Technology enthusiast, rocker, biker and writer of iPhoneinCanada.ca. Follow me on Twitter or contact me via email: istvan@iphoneincanada.ca

  • Geoffrey Spencer

    It is a question of when not if so long as we have tax and spend Liberal governments.

  • 416iMac

    Did we miss this sentence “This emerged as an issue in 2014 when the Conservative government raised the idea…”

  • Fireeast

    GST not a problem, but to have is some heritage tax is non-sense. Our film industry is terrible because it is subsidized so much already. And they already support our industry as they carry almost all of CBC programing anyways.

  • wongnog

    I’m so confused. I have my Netflix linked to my iTunes account, and have ALWAYS been charged HST. Is that just me?

  • mcfilmmakers

    Learn to read

  • Geoffrey Spencer

    Read Conservatives raised the idea and consultations. Only Liberals would add a fake tax and call it Heritage Tax.

  • Geoffrey Spencer

    Raising idea and implementing an unnecessary tax are two different things.

  • raslucas

    The title reads like Geist is the one thing.

  • Adrian

    If you pay through iTunes, Apple collects the GST/HST for Netflix subscriptions. If you subscribe directly with Netflix there isn’t any collected and you’re supposed to self declare and remit it yourself

  • Adrian

    Did you read the article? Where does it say there is fake tax called a Heritage tax? They are not looking to force Cancon contributions on Netflix, this is only extending GST to cover foreign digital services that place Canadian digital services at a disadvantage.

  • OliChabot

    lo, supposed to self declare ? let’s say I never heard it

  • Geoffrey Spencer

    Read the newspapers.

  • 416iMac

    Whether the tax is necessary or not is debatable; as the article mentions not having Netflix and the like taxed puts CraveTV and other Canadian offerings at a disadvantage.
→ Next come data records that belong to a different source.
lemma Mterm_ge_on_isolated_rows:
  assumes Z: "Z_matrix (A P)" and "wdd_row (A P) i" and "0 \<le> A P$i$i" and le1: "A P$i$i \<le> 1"
    and iso: "isolated_rows (A P) J" and "i \<in> J"
    and X_ge: "\<And>j. j \<in> J \<Longrightarrow> ereal (U$j - t) \<le> X j"
  shows "ereal ((y P - A P *v U)$i + U$i - t) \<le> Mterm A y P X i"
proof -
  have not_sdd: "\<not> sdd_row (A P) i"
    using iso \<open>i \<in> J\<close> by (simp add: isolated_rows_def)
  have term_ge: "ereal ((mat 1 - A P)$i$j * (U$j - t)) \<le> ereal ((mat 1 - A P)$i$j) * X j" for j
    using Z le1 iso \<open>i \<in> J\<close> X_ge by (rule isolated_row_term_ge)
  have "ereal (U$i - (A P *v U)$i - t) = (\<Sum>j\<in>UNIV. ereal ((mat 1 - A P)$i$j * (U$j - t)))"
    by (simp only: sum_ereal identity_minus_Z_matrix_mult_shifted_row[OF Z assms(3,2) not_sdd])
  also have "\<dots> \<le> (\<Sum>j\<in>UNIV. ereal ((mat 1 - A P)$i$j) * X j)"
    by (intro sum_mono term_ge)
  finally have sum_ge:
    "ereal (U$i - (A P *v U)$i - t) \<le> (\<Sum>j\<in>UNIV. ereal ((mat 1 - A P)$i$j) * X j)" .
  have "ereal ((y P - A P *v U)$i + U$i - t) = ereal (U$i - (A P *v U)$i - t) + ereal (y P $ i)"
    by (simp add: algebra_simps)
  also have "\<dots> \<le> (\<Sum>j\<in>UNIV. ereal ((mat 1 - A P)$i$j) * X j) + ereal (y P $ i)"
    using sum_ge by (rule add_right_mono)
  also have "\<dots> = Mterm A y P X i"
  proof (rule Mterm_eq_sum[symmetric])
    show "ereal ((mat 1 - A P)$i$j) * X j \<noteq> -\<infinity>" for j
      using term_ge[of j] by (metis MInfty_neq_ereal(1) ereal_infty_less_eq(2))
  qed (fact not_sdd)
  finally show ?thesis .
qed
    As far as the difference between raising an idea and implementing…doesn’t the idea have to be raised before it is implemented? Also, given that the idea was raised in 2014 do we not think that it is quite conceivable that the Conservatives would have introduced the tax had they been given more time in office?

  • Geoffrey Spencer

    If you never question the governments need to tax something then you are giving them carte blanche to tax you on everything. There has to come a point to when the people have to say enough is enough with all of these taxes.

    The Conservatives started the conversation because of whining from Bell and Friends of Canadians. Having a conversation is okay, great in fact. More taxes should be challenged at all times. Question the need for the tax. To make it fair for Bell you say? Remove the tax totally is another option and this embraces Net Neutrality. Check out OpenMedia. This is just an Internet Tax for the Liberals to add to General Revenue because they are spending more than they promised in 2015.

  • 416iMac

    I definitely question any new taxes, no doubt. I also don’t mind paying tax if I see value for my dollar.
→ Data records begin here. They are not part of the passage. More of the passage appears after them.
(* For every $n\ge2$, the sum of the Wiener indices of all plane trees on $n$ vertices is $$\sum_T\ \sum_{\{u,w\}} d(u,w)=(n-1)4^{n-2},$$ where $T$ ranges over plane trees on $n$ vertices and $\{u,w\}$ over unordered pairs of distinct vertices of $T$. Consequently, the expected distance between a uniformly random pair of distinct vertices in a uniformly random plane tree on $n$ vertices equals $\frac{(2n-2)!!}{2(2n-3)!!}$. This equals the expected length of the root-to-leaf path for a uniformly random pair (plane tree on $n$ vertices, leaf of it).
   Context: General (plane) trees are rooted trees in which each vertex may have any number of children, linearly ordered. The size of a tree is its number of vertices, and a leaf is a vertex with no children. $d(u,w)$ is the number of edges of the path between $u$ and $w$. The double factorials are $(2m)!!=2\cdot4\cdots(2m)$ and $(2m-1)!!=1\cdot3\cdots(2m-1)$. *)

theory Defs
  imports Complex_Main
begin

datatype ptree = Node "ptree list"

fun tsize :: "ptree \<Rightarrow> nat" where
  "tsize (Node ts) = Suc (sum_list (map tsize ts))"

text \<open>Vertices are addressed by positions: the list of child indices on the
  path from the root.  subt t p is the subtree rooted at position p, if p is a
  valid position.\<close>
fun subt :: "ptree \<Rightarrow> nat list \<Rightarrow> ptree option" where
  "subt t [] = Some t"
| "subt (Node ts) (i # p) = (if i < length ts then subt (ts ! i) p else None)"

definition vertices :: "ptree \<Rightarrow> nat list set" where
  "vertices t = {p. subt t p \<noteq> None}"

definition leaves :: "ptree \<Rightarrow> nat list set" where
  "leaves t = {p. subt t p = Some (Node [])}"

definition depth :: "nat list \<Rightarrow> nat" where
  "depth p = length p"

text \<open>Longest common prefix of two positions = position of their lowest common ancestor.\<close>
fun lcp :: "nat list \<Rightarrow> nat list \<Rightarrow> nat list" where
  "lcp (a # p) (b # q) = (if a = b then a # lcp p q else [])"
| "lcp _ _ = []"

definition tdist :: "nat list \<Rightarrow> nat list \<Rightarrow> nat" where
  "tdist u w = length u + length w - 2 * length (lcp u w)"

definition pair_dist :: "nat list set \<Rightarrow> nat" where
  "pair_dist e = (SOME d. \<exists>u w. e = {u, w} \<and> d = tdist u w)"

definition vpairs :: "ptree \<Rightarrow> nat list set set" where
  "vpairs t = {{u, w} | u w. u \<in> vertices t \<and> w \<in> vertices t \<and> u \<noteq> w}"

definition wiener :: "ptree \<Rightarrow> nat" where
  "wiener t = (\<Sum>e\<in>vpairs t. pair_dist e)"

definition plane_trees :: "nat \<Rightarrow> ptree set" where
  "plane_trees n = {t. tsize t = n}"

fun dfact :: "nat \<Rightarrow> nat" where
  "dfact 0 = 1"
| "dfact (Suc 0) = 1"
| "dfact (Suc (Suc k)) = Suc (Suc k) * dfact k"

end

theory Submission
  imports Defs "HOL-Computational_Algebra.Formal_Power_Series"
begin

text \<open>A plane tree with at least two vertices splits uniquely into its first subtree and the
  rest.  The number of trees, size, total depth of vertices, sum of distances over ordered pairs of
  vertices, number of leaves and total depth of leaves all behave under this splitting like sums
  of products of statistics of the two parts, so their generating functions satisfy polynomial
  equations over the Catalan series \<open>C = X + C\<^sup>2\<close>.  Eliminating \<open>C\<close> leaves
  \<open>S (1 - 4X)\<^sup>2 = 2X\<^sup>2\<close> for the distance sums and \<open>D (1 - 4X) = X\<^sup>2\<close> for the
  leaf depths, whose coefficients are \<open>2(n - 1) 4^(n - 2)\<close> and \<open>4^(n - 2)\<close>.  Since a tree
  on \<open>n\<close> vertices has \<open>n(n - 1)/2\<close> pairs and the \<open>C\<^sub>n\<close> trees have \<open>n C\<^sub>n/2\<close> leaves in
  total, both means equal \<open>2 \<cdot> 4^(n - 2) / (n C\<^sub>n)\<close>, which the Catalan recurrence
  turns into the ratio of double factorials.\<close>

unbundle fps_syntax

lemma tsize_pos: "tsize t \<ge> 1"
  by (cases t) auto

section \<open>Grafting\<close>

definition graft :: "ptree \<Rightarrow> ptree \<Rightarrow> ptree" where
  "graft t u = (case u of Node ts \<Rightarrow> Node (t # ts))"

lemma tsize_graft [simp]: "tsize (graft t u) = tsize t + tsize u"
  by (cases u) (simp add: graft_def)

lemma graft_neq_leaf [simp]: "graft t u \<noteq> Node []"
  by (cases u) (simp add: graft_def)

lemma graft_inject: "graft t u = graft t' u' \<Longrightarrow> t = t' \<and> u = u'"
  by (cases u; cases u') (auto simp: graft_def)

lemma ptree_cases_graft: obtains "t = Node []" | a b where "t = graft a b"
proof (cases t)
  case (Node ts)
  show ?thesis
  proof (cases ts)
    case (Cons a ts')
    then show ?thesis using Node that(2)[of a "Node ts'"] by (simp add: graft_def)
  qed (use Node that(1) in simp)
qed

lemma graft_induct [case_names leaf graft]:
  assumes "P (Node [])" and "\<And>a b. P a \<Longrightarrow> P b \<Longrightarrow> P (graft a b)"
  shows "P t"
proof (induction "tsize t" arbitrary: t rule: less_induct)
  case less
  show ?case
  proof (cases t rule: ptree_cases_graft)
    case (2 a b)
    then have "tsize a < tsize t" "tsize b < tsize t"
      using tsize_pos[of a] tsize_pos[of b] by auto
    then show ?thesis using less assms(2) 2 by blast
  qed (use assms(1) in simp)
qed

lemma tsize_eq_1_iff: "tsize t = 1 \<longleftrightarrow> t = Node []"
proof (cases t rule: ptree_cases_graft)
  case (2 a b)
  then show ?thesis using tsize_pos[of a] tsize_pos[of b] by simp
qed simp

fun shift_pos :: "nat list \<Rightarrow> nat list" where
  "shift_pos [] = []"
| "shift_pos (i # q) = Suc i # q"

lemma shift_pos_eq_Nil_iff [simp]: "shift_pos p = [] \<longleftrightarrow> p = []" "[] = shift_pos p \<longleftrightarrow> p = []"
  by (cases p; simp)+

lemma length_shift_pos [simp]: "length (shift_pos p) = length p"
  by (cases p) auto

lemma inj_shift_pos: "inj shift_pos"
proof (rule injI)
  fix p q :: "nat list"
  show "shift_pos p = shift_pos q \<Longrightarrow> p = q" by (cases p; cases q) auto
qed

lemma shift_pos_neq_Cons_0 [simp]: "shift_pos q \<noteq> 0 # p" "0 # p \<noteq> shift_pos q"
  by (cases q; simp)+

lemma Cons_0_shift_pos_disjoint: "Cons 0 ` A \<inter> shift_pos ` B = {}"
  by auto

lemma subt_graft_Cons_0 [simp]: "subt (graft t u) (0 # q) = subt t q"
  by (cases u) (simp add: graft_def)

lemma subt_graft_shift_pos: "p \<noteq> [] \<Longrightarrow> subt (graft t u) (shift_pos p) = subt u p"
  by (cases u; cases p) (auto simp: graft_def)

lemma subt_graft_preimage:
  "{p. subt (graft t u) p \<in> A}
     = Cons 0 ` {q. subt t q \<in> A} \<union> shift_pos ` ({q. subt u q \<in> A} - {[]})
       \<union> {p. p = [] \<and> Some (graft t u) \<in> A}"
proof (rule set_eqI)
  fix p
  show "p \<in> {p. subt (graft t u) p \<in> A} \<longleftrightarrow> p \<in> Cons 0 ` {q. subt t q \<in> A}
      \<union> shift_pos ` ({q. subt u q \<in> A} - {[]}) \<union> {p. p = [] \<and> Some (graft t u) \<in> A}"
  proof (cases p)
    case (Cons i q)
    have "Suc j # q \<in> shift_pos ` B \<longleftrightarrow> j # q \<in> B" for j B
      using inj_image_mem_iff[OF inj_shift_pos, of "j # q" B] by simp
    then show ?thesis
      using Cons subt_graft_shift_pos[of "_ # q" t u] by (cases i) auto
  qed auto
qed

lemma vertices_graft: "vertices (graft t u) = Cons 0 ` vertices t \<union> shift_pos ` vertices u"
proof -
  have "shift_pos ` (vertices u - {[]}) \<union> {[]} = shift_pos ` vertices u"
    by (auto simp: vertices_def image_iff intro: shift_pos.simps(1)[symmetric])
  then show ?thesis
    using subt_graft_preimage[of t u "- {None}"] unfolding vertices_def by auto
qed

lemma vertices_leaf [simp]: "vertices (Node []) = {[]}"
  and leaves_leaf [simp]: "leaves (Node []) = {[]}"
  by (auto simp: vertices_def leaves_def elim: subt.elims)

lemma leaves_graft: "leaves (graft t u) = Cons 0 ` leaves t \<union> shift_pos ` (leaves u - {[]})"
  using subt_graft_preimage[of t u "{Some (Node [])}"] unfolding leaves_def by auto

lemma sum_Cons_0_shift_pos:
  assumes "finite A" "finite B"
  shows "(\<Sum>p\<in>Cons 0 ` A \<union> shift_pos ` B. f p) = (\<Sum>q\<in>A. f (0 # q)) + (\<Sum>q\<in>B. f (shift_pos q))"
proof -
  have "inj_on (Cons 0) A" "inj_on shift_pos B"
    using inj_shift_pos by (auto simp: inj_on_def inj_def)
  then show ?thesis
    using assms by (simp add: sum.union_disjoint Cons_0_shift_pos_disjoint sum.reindex)
qed

lemma finite_vertices [simp]: "finite (vertices t)"
  and card_vertices [simp]: "card (vertices t) = tsize t"
proof -
  have "finite (vertices t) \<and> card (vertices t) = tsize t"
  proof (induction t rule: graft_induct)
    case leaf
    then show ?case by simp
  next
    case (graft a b)
    then show ?case
      using sum_Cons_0_shift_pos[of "vertices a" "vertices b" "\<lambda>_. 1::nat"]
      by (simp add: vertices_graft)
  qed
  then show "finite (vertices t)" "card (vertices t) = tsize t" by auto
qed

lemma finite_leaves [simp]: "finite (leaves t)"
  by (rule finite_subset[OF _ finite_vertices]) (auto simp: leaves_def vertices_def)

section \<open>Tree statistics\<close>

lemma length_lcp_le: "length (lcp p q) \<le> length p" "length (lcp p q) \<le> length q"
  by (induction p q rule: lcp.induct) auto

lemma tdist_self [simp]: "tdist p p = 0"
proof -
  have "lcp p p = p" by (induction p) auto
  then show ?thesis by (simp add: tdist_def)
qed

lemma lcp_commute: "lcp p q = lcp q p"
  by (induction p q rule: lcp.induct) auto

lemma tdist_commute: "tdist p q = tdist q p"
  by (simp add: tdist_def lcp_commute)

lemma tdist_Cons_Cons [simp]: "tdist (i # p) (i # q) = tdist p q"
  using length_lcp_le[of p q] by (simp add: tdist_def)

lemma tdist_Cons_0_shift_pos [simp]:
  "tdist (0 # p) (shift_pos q) = Suc (length p + length q)"
  "tdist (shift_pos q) (0 # p) = Suc (length p + length q)"
  by (cases q; simp add: tdist_def)+

lemma tdist_shift_pos [simp]: "tdist (shift_pos p) (shift_pos q) = tdist p q"
  using length_lcp_le by (cases p; cases q) (simp_all add: tdist_def)

definition path_length :: "ptree \<Rightarrow> nat" where
  "path_length t = (\<Sum>p\<in>vertices t. length p)"

definition dist_sum :: "ptree \<Rightarrow> nat" where
  "dist_sum t = (\<Sum>p\<in>vertices t. \<Sum>q\<in>vertices t. tdist p q)"

lemma path_length_leaf [simp]: "path_length (Node []) = 0"
  and dist_sum_leaf [simp]: "dist_sum (Node []) = 0"
  by (simp_all add: path_length_def dist_sum_def)

lemma path_length_graft:
  "path_length (graft t u) = path_length t + tsize t + path_length u"
  by (simp add: path_length_def vertices_graft sum_Cons_0_shift_pos sum_Suc)

lemma dist_sum_graft:
  "dist_sum (graft t u)
     = dist_sum t + dist_sum u + 2 * ((path_length t + tsize t) * tsize u + tsize t * path_length u)"
proof -
  define cross where
    "cross = (\<Sum>p\<in>vertices t. \<Sum>q\<in>vertices u. Suc (length p + length q))"
  have "cross = (\<Sum>p\<in>vertices t. tsize u * Suc (length p) + path_length u)"
    by (simp add: cross_def path_length_def sum_Suc sum.distrib)
  also have "\<dots> = (path_length t + tsize t) * tsize u + tsize t * path_length u"
    by (simp add: path_length_def sum.distrib sum_distrib_left sum_Suc add_mult_distrib2
        mult.commute)
  finally have "cross = (path_length t + tsize t) * tsize u + tsize t * path_length u" .
  moreover have "(\<Sum>q\<in>vertices u. \<Sum>p\<in>vertices t. Suc (length p + length q)) = cross"
    unfolding cross_def by (rule sum.swap)
  moreover have "dist_sum (graft t u) = dist_sum t + cross
      + ((\<Sum>q\<in>vertices u. \<Sum>p\<in>vertices t. Suc (length p + length q)) + dist_sum u)"
    unfolding dist_sum_def vertices_graft cross_def
    by (simp add: sum_Cons_0_shift_pos sum.distrib)
  ultimately show ?thesis by simp
qed

lemma card_leaves_graft:
  "card (leaves (graft t u)) + (if u = Node [] then 1 else 0) = card (leaves t) + card (leaves u)"
proof -
  have "card (leaves (graft t u)) = card (leaves t) + card (leaves u - {[]})"
    using sum_Cons_0_shift_pos[of "leaves t" "leaves u - {[]}" "\<lambda>_. 1::nat"]
    by (simp add: leaves_graft)
  moreover have "[] \<in> leaves u \<longleftrightarrow> u = Node []"
    by (simp add: leaves_def)
  ultimately show ?thesis by (auto simp: card_Diff_singleton_if)
qed

lemma leaf_depth_sum_graft:
  "(\<Sum>l\<in>leaves (graft t u). depth l)
     = (\<Sum>l\<in>leaves t. depth l) + card (leaves t) + (\<Sum>l\<in>leaves u. depth l)"
proof -
  have "(\<Sum>l\<in>leaves u - {[]}. depth l) = (\<Sum>l\<in>leaves u. depth l)"
    by (rule sum.mono_neutral_left) (auto simp: depth_def)
  then show ?thesis
    by (simp add: leaves_graft sum_Cons_0_shift_pos depth_def sum_Suc)
qed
    Don’t get me wrong; I am not necessarily in favour of this or any new tax, I just was pointing out that despite the fact that it’s the liberals who may impose it, it was first bantered about by the conservatives.

    …ok, enough politics for me.

  • Aleks Oniszczak

    No significant difference between Liberals and Conservatives – their policy is the same – whatever makes the rich richer and the poor poorer is the course they will take. All their decisions are easy to understand once this is understood.

    Will taxing Netflix affect the poor more than he rich? Of course. So they will. And the opposition will pretend to be against it – no matter which happens to be the opposition at the time.

  • mcfilmmakers

    Nice bubble you got there.

  • raslucas

    I wonder if giving a strategic advantage to Canadian streaming services will create jobs to employ these poor people…

  • Aleks Oniszczak

    “Wow, taxes are lower, I guess I’ll hire some more people”, said no CEO ever.

  • raslucas

    Hey, Netflix doesn’t have a competitive advantage over Local businesses in Canada now, we should invest more into improving our services.